あ、後もう一つと言うか、「メガネちゃん」が
「あの~、クッキーがなくなりましたけど~」
…と言った時、私がまだ「ケーキ」の箱詰め真っ最中だったからか、「ジュリー」が再び
「え~っと、じゃあ今度は『ケーキ』を…」
…と言いながらこっちを見て来た。
(「懲りる」「学ぶ」という言葉はコノ国の人達には無いのか??)
そこで私は黙って「ケーキ」を一個摘まみ上げ、もう一方の手の指で「底」の部分をチョンチョンと差しながら「笑顔で」首を横に振ったから、「ジュリー」も即アアそうか、という顔になったけど。
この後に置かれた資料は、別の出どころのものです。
text \<open>
  Every z in C(A) has a representation z = v_1 w_1 + ... + v_N w_N whose length |v| exceeds
  d(z) by at most a constant: write z as a nonnegative real combination of the w_j of total
  weight close to d(z) and round the weights down. The integer remainder ranges over a finite
  set, and by Dickson's lemma each remainder can be absorbed at bounded cost. Putting the
  coefficient a_z(x) of t^z at y^v for one such short representation v of each z gives a
  preimage under phi, and |v| \<le> d(z) + C converts the growth condition in s^d(z) into one
  in s^|v|. Finally, (\<partial>^v / \<pi>^|v|) 1 = t^(v_1 w_1 + ... + v_N w_N), so varphi and phi agree
  and (ii) follows from (i).
\<close>

section \<open>Dickson's lemma\<close>

lemma nat_seq_incseq_subseq:
  fixes s :: "nat \<Rightarrow> nat"
  obtains r where "strict_mono r" "incseq (s \<circ> r)"
proof -
  obtain f where f: "strict_mono f" "monoseq (s \<circ> f)"
    using seq_monosub by (auto simp: o_def)
  show ?thesis
  proof (cases "incseq (s \<circ> f)")
    case True
    then show ?thesis using f(1) that by blast
  next
    case False
    then have dec: "decseq (s \<circ> f)"
      using f(2) by (simp add: monoseq_iff)
    obtain m where m: "\<And>n. (s \<circ> f) m \<le> (s \<circ> f) n"
      using ex_has_least_nat[of "\<lambda>_. True" 0 "s \<circ> f"] by auto
    have const: "(s \<circ> f) n = (s \<circ> f) m" if "n \<ge> m" for n
      using decseqD[OF dec that] m by (rule antisym)
    have "incseq (s \<circ> (f \<circ> (\<lambda>k. k + m)))"
      using const[of "_ + m"] by (intro incseq_SucI) (simp add: o_def)
    moreover have "strict_mono (f \<circ> (\<lambda>k. k + m))"
      using f(1) by (simp add: strict_mono_def)
    ultimately show ?thesis using that by blast
  qed
qed

lemma componentwise_incseq_subseq:
  fixes f :: "nat \<Rightarrow> 'i \<Rightarrow> nat"
  assumes "finite J"
  shows "\<exists>r. strict_mono r \<and> (\<forall>j\<in>J. incseq (\<lambda>k. f (r k) j))"
  using assms
proof (induction J rule: finite_induct)
  case empty
  show ?case using strict_mono_id by blast
next
  case (insert j J)
  then obtain r where r: "strict_mono r" "\<forall>j\<in>J. incseq (\<lambda>k. f (r k) j)"
    by blast
  obtain r' where r': "strict_mono r'" "incseq ((\<lambda>k. f (r k) j) \<circ> r')"
    using nat_seq_incseq_subseq by blast
  have "incseq (\<lambda>k. f (r (r' k)) i)" if "i \<in> J" for i
    using r(2) that r'(1) by (simp add: incseq_def strict_mono_less_eq)
  then have "\<forall>i\<in>insert j J. incseq (\<lambda>k. f ((r \<circ> r') k) i)"
    using r'(2) by (simp add: o_def)
  moreover have "strict_mono (r \<circ> r')"
    using r(1) r'(1) by (simp add: strict_mono_def)
  ultimately show ?case by blast
qed

lemma dickson_good_pair:
  fixes f :: "nat \<Rightarrow> 'i::finite \<Rightarrow> nat"
  obtains i j where "i < j" "f i \<le> f j"
proof -
  obtain r where r: "strict_mono r" "\<forall>j. incseq (\<lambda>k. f (r k) j)"
    using componentwise_incseq_subseq[of UNIV f] by auto
  have "f (r 0) \<le> f (r 1)"
    using r(2) by (auto simp: le_fun_def incseq_def)
  moreover have "r 0 < r 1"
    using r(1) by (simp add: strict_mono_def)
  ultimately show ?thesis using that by blast
qed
その直後に「ジョー」がやって来て、普段から『ミキサー部屋』で三人が働く場合に使うスペースをテキパキと空け、「ジュリー」に顔を向けて
「これが『メガネちゃん』の分だからね!」
…と言って紙に書いた「リスト」を置いて行った。
流石「リーダー」である。
そうなると「ジュリー」にしても後はそれに沿って「指示」するだけでいいし、下手に
「誰かの仕事を奪う・邪魔する」
…ことになる必要も無い。
その時「ジュリー」は当然「自分の仕事」=デコレーションをしていて直ぐに「リスト」を読むことは出来なかったので、私が先にザッと読んでみた。
結構な量の「リスト」があったのだが、その中には
「クッキーのカット」
…という(その分の生地の仕込みが終わっていないので)直ぐには出来ない仕事の他に
「マフィン」=主にリンゴのカット
…というのもあった。
実はこれ、年齢問わず『職業体験』に来た人達のド定番とも言える作業。(ハイ、私もやりましたよね?)
そしてその「マフィン」の仕込みはその日の私のリストの中にもあった。
そこで私は「覚悟」を決める。
よし、今からしばらくは私が「メガネちゃん」の相手=「指導」をしてみよう、と。